Let wel: overlevingspercentages zijn statistische resultaten die op basis van gegevens van grote groepen patiënten werden berekend. Het gaat dus om gemiddelden, terwijl de individuele overlevingskans sterk kan verschillen van persoon tot persoon.

VIJFJAARSOVERLEVING VAN KANKER

Wanneer word je dan wel ‘genezen’ verklaard – rekening houdend met de nuances van dat begrip? Meestal gebeurt dat als er geen sporen meer van de ziekte zijn terug te vinden vijf jaar nadat er kanker werd vastgesteld. Die termijn van vijf jaar ‘overleving’ moet je vooral symbolisch opvatten. In realiteit kan je al eerder ‘echt’ genezen zijn, maar net zo goed kan de ziekte nog terugkomen na die periode van vijf jaar.
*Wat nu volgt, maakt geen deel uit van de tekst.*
lemma C_group_imp_even_inversions:
  assumes \<sigma>: "\<sigma> \<in> C_group d n" and S: "S \<subseteq> {1..n}" "card S = d+1"
  shows "even (card (inversions_on \<sigma> S))"
proof -
  have \<sigma>_perm: "\<sigma> permutes {1..n}" and pos: "all_minors_pos d n (\<lambda>j. moment_curve (\<sigma> j))"
    using \<sigma> all_minors_pos_moment_curve unfolding C_group_def by auto
  obtain c where c: "bij_betw c {..<d+1} S" "strict_mono_on {..<d+1} c"
    using ex_bij_betw_strict_mono_card[of S] S finite_subset[OF S(1)] by auto
  then have S_eq: "c ` {..<d+1} = S"
    by (simp add: bij_betw_def)
  obtain c' where c': "strict_mono_on {..<d+1} c'" and
    eq: "max_minor d moment_curve (\<sigma> \<circ> c) =
      (-1) ^ card (inversions_on \<sigma> S) * max_minor d moment_curve c'"
    using max_minor_reorder[OF c(2) permutes_inj_on[OF \<sigma>_perm]] S_eq by metis
  have "\<forall>k<d+1. c k \<in> {1..n}"
    using S_eq S(1) by auto
  then have "max_minor d moment_curve (\<sigma> \<circ> c) > 0"
    using pos c(2) unfolding all_minors_pos_def max_minor_relabel by blast
  then have "(-1::real) ^ card (inversions_on \<sigma> S) > 0"
    using eq max_minor_moment_curve_pos[OF c'] by (simp add: zero_less_mult_iff)
  then show ?thesis
    by (auto simp: minus_one_power_iff split: if_splits)
qed

lemma subset_even_perms_imp_C_group:
  assumes "\<sigma> \<in> subset_even_perms (d+1) n"
  shows "\<sigma> \<in> C_group d n"
proof -
  have \<sigma>: "\<sigma> permutes {1..n}"
    and ev: "\<And>S. S \<subseteq> {1..n} \<Longrightarrow> card S = d+1 \<Longrightarrow> even (card (inversions_on \<sigma> S))"
    using assms unfolding subset_even_perms_def by auto
  have "all_minors_pos d n (\<lambda>j. x (\<sigma> j))" if x: "all_minors_pos d n x" for x
    unfolding all_minors_pos_def max_minor_relabel
  proof (intro allI impI)
    fix c assume c: "strict_mono_on {..<d+1} c \<and> (\<forall>k<d+1. c k \<in> {1..n})"
    obtain c' where c': "strict_mono_on {..<d+1} c'" "c' ` {..<d+1} = \<sigma> ` c ` {..<d+1}"
      and eq: "max_minor d x (\<sigma> \<circ> c) =
        (-1) ^ card (inversions_on \<sigma> (c ` {..<d+1})) * max_minor d x c'"
      using max_minor_reorder[OF conjunct1[OF c] permutes_inj_on[OF \<sigma>]] by metis
    have "even (card (inversions_on \<sigma> (c ` {..<d+1})))"
      using c card_image[OF strict_mono_on_imp_inj_on[of _ c]] by (intro ev) auto
    moreover have "c ` {..<d+1} \<subseteq> {1..n}"
      using c by auto
    then have "\<sigma> ` c ` {..<d+1} \<subseteq> {1..n}"
      using permutes_image[OF \<sigma>] by (metis image_mono)
    then have "\<forall>k<d+1. c' k \<in> {1..n}"
      using c'(2) by blast
    then have "max_minor d x c' > 0"
      using x c'(1) unfolding all_minors_pos_def by blast
    ultimately show "max_minor d x (\<sigma> \<circ> c) > 0"
      using eq by simp
  qed
  then show ?thesis
    using \<sigma> unfolding C_group_def by blast
qed

lemma C_group_eq_subset_even_perms: "C_group d n = subset_even_perms (d+1) n"
proof (intro equalityI subsetI)
  fix \<sigma> assume \<sigma>: "\<sigma> \<in> C_group d n"
  then have "\<sigma> permutes {1..n}"
    by (simp add: C_group_def)
  then show "\<sigma> \<in> subset_even_perms (d+1) n"
    unfolding subset_even_perms_def using C_group_imp_even_inversions[OF \<sigma>] by blast
qed (rule subset_even_perms_imp_C_group)

lemma card_Collect_permutes:
  assumes "\<sigma> permutes A"
  shows "card {s\<in>A. P (\<sigma> s)} = card {y\<in>A. P y}"
proof -
  have "{y\<in>A. P y} \<subseteq> \<sigma> ` {s\<in>A. P (\<sigma> s)}"
  proof
    fix y assume y: "y \<in> {y\<in>A. P y}"
    then obtain s where "s \<in> A" "y = \<sigma> s"
      using permutes_image[OF assms] by blast
    with y show "y \<in> \<sigma> ` {s\<in>A. P (\<sigma> s)}" by blast
  qed
  moreover have "\<sigma> ` {s\<in>A. P (\<sigma> s)} \<subseteq> {y\<in>A. P y}"
    using permutes_in_image[OF assms] by auto
  ultimately show ?thesis
    using card_image[OF permutes_inj_on[OF assms]] by (metis subset_antisym)
qed

lemma card_less_in_interval: "k \<le> Suc n \<Longrightarrow> card {y\<in>{1..n}. y < k} = k - 1"
proof -
  assume "k \<le> Suc n"
  then have "{y\<in>{1..n}. y < k} = {1..<k}" by auto
  then show ?thesis by simp
qed

lemma card_greater_in_interval: "card {y\<in>{1..n}. k < y} = n - k"
proof -
  have "{y\<in>{1..n}. k < y} = {Suc k..n}" by auto
  then show ?thesis by simp
qed

lemma card_less_image_permutes:
  fixes \<sigma> :: "nat \<Rightarrow> nat"
  assumes "\<sigma> permutes {1..n}" "i \<in> {1..n}"
  shows "card {s\<in>{1..n}. \<sigma> s < \<sigma> i} = \<sigma> i - 1"
proof -
  have "\<sigma> i \<in> {1..n}"
    using permutes_in_image[OF assms(1)] assms(2) by simp
  then show ?thesis
    using card_Collect_permutes[OF assms(1), of "\<lambda>y. y < \<sigma> i"] card_less_in_interval[of "\<sigma> i" n]
    by simp
qed

lemma card_Collect_add_card_Collect:
  assumes "finite S"
  shows "card {s\<in>S. P s} + card {s\<in>S. Q s} = 2 * card {s\<in>S. P s \<and> Q s} + card {s\<in>S. P s \<noteq> Q s}"
  using assms
proof (induction S rule: finite_induct)
  case empty
  then show ?case by simp
next
  case (insert x S)
  have split: "{s\<in>insert x S. R s} = (if R x then insert x {s\<in>S. R s} else {s\<in>S. R s})" for R
    by auto
  have "card (insert x {s\<in>S. R s}) = Suc (card {s\<in>S. R s})" for R
    using insert.hyps by simp
  with insert.IH show ?case
    by (simp only: split) auto
qed

lemma subset_card_eq_card_minus_one_iff:
  assumes "finite A" "A \<noteq> {}"
  shows "B \<subseteq> A \<and> card B = card A - 1 \<longleftrightarrow> (\<exists>a\<in>A. B = A - {a})"
proof
  assume B: "B \<subseteq> A \<and> card B = card A - 1"
  have "card A > 0"
    using assms by (simp add: card_gt_0_iff)
  then have "B \<noteq> A"
    using B by auto
  then obtain a where a: "a \<in> A" "a \<notin> B"
    using B by blast
  then have "B = A - {a}"
    using B assms(1) by (intro card_subset_eq) auto
  then show "\<exists>a\<in>A. B = A - {a}"
    using a by blast
qed (use assms(1) in auto)

lemma mem_iff_mem_if_even_card_Int:
  assumes "finite R" "0 < k" "k < card R" "s \<in> R" "t \<in> R"
    and even_Int: "\<And>S. S \<subseteq> R \<Longrightarrow> card S = k \<Longrightarrow> even (card (X \<inter> S))"
  shows "s \<in> X \<longleftrightarrow> t \<in> X"
proof (cases "s = t")
  case False
  then have "card (R - {s, t}) = card R - 2"
    using assms(1,4,5) by (simp add: card_Diff_subset)
  then have "k - 1 \<le> card (R - {s, t})"
    using assms(3) by linarith
  then obtain S where S: "S \<subseteq> R - {s, t}" "card S = k - 1" "finite S"
    by (rule obtain_subset_with_card_n)
  then have "s \<notin> S" "t \<notin> S"
    by auto
  have "insert s S \<subseteq> R" "card (insert s S) = k" "insert t S \<subseteq> R" "card (insert t S) = k"
    using S \<open>s \<notin> S\<close> \<open>t \<notin> S\<close> assms(2,4,5) by auto
  then have "even (card (X \<inter> insert s S))" "even (card (X \<inter> insert t S))"
    by (simp_all add: even_Int)
  moreover have "card (X \<inter> insert u S) = card (X \<inter> S) + (if u \<in> X then 1 else 0)"
    if "u \<notin> S" for u
    using that S(3) by (simp add: Int_insert_right)
  ultimately show ?thesis
    using \<open>s \<notin> S\<close> \<open>t \<notin> S\<close>
    by (auto split: if_splits)
qed simp

lemma eq_empty_if_even_card_Int:
  assumes "finite R" "X \<subseteq> R" "odd k" "k < card R"
    and even_Int: "\<And>S. S \<subseteq> R \<Longrightarrow> card S = k \<Longrightarrow> even (card (X \<inter> S))"
  shows "X = {}"
proof (rule ccontr)
  assume "X \<noteq> {}"
  then obtain s where "s \<in> X" "s \<in> R"
    using assms(2) by blast
  then have "R \<subseteq> X"
    using mem_iff_mem_if_even_card_Int[OF assms(1) odd_pos[OF assms(3)] assms(4) _ _ even_Int] by blast
  have "k \<le> card R"
    using assms(4) by simp
  then obtain S where "S \<subseteq> R" "card S = k"
    by (rule obtain_subset_with_card_n)
  moreover have "X \<inter> S = S"
    using \<open>S \<subseteq> R\<close> \<open>R \<subseteq> X\<close> by blast
  ultimately show False
    using even_Int[of S] assms(3) by simp
qed

lemma odd_interval_permutes_odd_to_odd:
  fixes \<sigma> :: "nat \<Rightarrow> nat"
  assumes "odd n" "\<sigma> permutes {1..n}"
  shows "\<exists>i\<in>{1..n}. odd i \<and> odd (\<sigma> i)"
proof (rule ccontr)
  assume "\<not> ?thesis"
  then have "\<sigma> ` {i\<in>{1..n}. odd i} \<subseteq> {i\<in>{1..n}. even i}"
    using permutes_in_image[OF assms(2)] by auto
  then have "card {i\<in>{1..n}. odd i} \<le> card {i\<in>{1..n}. even i}"
    by (intro card_inj_on_le[OF permutes_inj_on[OF assms(2)]]) auto
  moreover have "Suc i \<in> {i\<in>{1..n}. odd i} - {1}" if "i \<in> {1..n}" "even i" for i
  proof -
    have "i \<noteq> n"
      using that assms(1) by auto
    then show ?thesis
      using that by auto
  qed
  then have "card {i\<in>{1..n}. even i} \<le> card ({i\<in>{1..n}. odd i} - {1})"
    by (intro card_inj_on_le[of Suc]) auto
  moreover have "card ({i\<in>{1..n}. odd i} - {1}) < card {i\<in>{1..n}. odd i}"
    using odd_pos[OF assms(1)] by (intro card_Diff1_less) auto
  ultimately show False
    by linarith
qed

section \<open>The identity and the reversal\<close>

lemma order_preserving_permutes_eq_id:
  fixes \<sigma> :: "nat \<Rightarrow> nat"
  assumes \<sigma>: "\<sigma> permutes {1..n}"
    and ord: "\<And>i s. i \<in> {1..n} \<Longrightarrow> s \<in> {1..n} \<Longrightarrow> s \<noteq> i \<Longrightarrow> \<sigma> s < \<sigma> i \<longleftrightarrow> s < i"
  shows "\<sigma> = id"
proof
  fix i
  show "\<sigma> i = id i"
  proof (cases "i \<in> {1..n}")
    case True
    have "\<sigma> s < \<sigma> i \<longleftrightarrow> s < i" if "s \<in> {1..n}" for s
      using ord[OF True that] by (cases "s = i") auto
    then have "{s\<in>{1..n}. \<sigma> s < \<sigma> i} = {s\<in>{1..n}. s < i}"
      by auto
    then have "\<sigma> i - 1 = i - 1"
      using card_less_image_permutes[OF \<sigma> True] card_less_in_interval[of i n] True by simp
    moreover have "\<sigma> i \<in> {1..n}"
      using permutes_in_image[OF \<sigma>] True by simp
    ultimately show ?thesis
      using True by auto
  qed (simp add: permutes_not_in[OF \<sigma>])
qed

definition reversal :: "nat \<Rightarrow> nat \<Rightarrow> nat" where
  "reversal n i = (if i \<in> {1..n} then Suc n - i else i)"

lemma reversal_permutes: "reversal n permutes {1..n}"
  by (rule bij_imp_permutes, rule bij_betwI[where g = "reversal n"]) (auto simp: reversal_def)

lemma reversal_involution: "reversal n \<circ> reversal n = id"
  by (rule ext) (auto simp: reversal_def)

lemma reversal_ne_id: "2 \<le> n \<Longrightarrow> reversal n \<noteq> id"
proof
  assume "2 \<le> n" "reversal n = id"
  then have "reversal n 1 = 1" by simp
  with \<open>2 \<le> n\<close> show False by (simp add: reversal_def)
qed

lemma order_reversing_permutes_eq_reversal:
  fixes \<sigma> :: "nat \<Rightarrow> nat"
  assumes \<sigma>: "\<sigma> permutes {1..n}"
    and ord: "\<And>i s. i \<in> {1..n} \<Longrightarrow> s \<in> {1..n} \<Longrightarrow> s \<noteq> i \<Longrightarrow> \<sigma> s < \<sigma> i \<longleftrightarrow> i < s"
  shows "\<sigma> = reversal n"
proof
  fix i
  show "\<sigma> i = reversal n i"
  proof (cases "i \<in> {1..n}")
    case True
    have "\<sigma> s < \<sigma> i \<longleftrightarrow> i < s" if "s \<in> {1..n}" for s
      using ord[OF True that] by (cases "s = i") auto
    then have "{s\<in>{1..n}. \<sigma> s < \<sigma> i} = {s\<in>{1..n}. i < s}"
      by auto
    then have "\<sigma> i - 1 = n - i"
      using card_less_image_permutes[OF \<sigma> True] card_greater_in_interval[of n i] by simp
    moreover have "\<sigma> i \<in> {1..n}"
      using permutes_in_image[OF \<sigma>] True by simp
    ultimately show ?thesis
      using True by (auto simp: reversal_def)
  qed (auto simp: permutes_not_in[OF \<sigma>] reversal_def)
qed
Waarom dan toch die termijn van vijf jaar? De wetenschap neemt graag voldoende marge om van een definitieve genezing te spreken: als je de bladzijde te snel omslaat en je hervalt, dan kan dat extra hard aankomen. Als ze de marge te ruim zou nemen, dan leven mensen te lang in angst en onzekerheid. Vandaar dus: de gulden middenweg van vijf jaar. Je overlevingsprognose wordt in elk geval steeds gunstiger naarmate de jaren zonder sporen van kanker toenemen.

Terugkeer van de ziekte

Na een succesvolle behandeling bestaat het risico dat de ziekte terugkomt. Daarom moet je de eerste jaren ook regelmatig op controle. In de volksmond wordt gezegd dat je ‘hervallen bent’ als de ziekte is teruggekeerd – strikt genomen bestaat er een onderscheid tussen recidief en herval.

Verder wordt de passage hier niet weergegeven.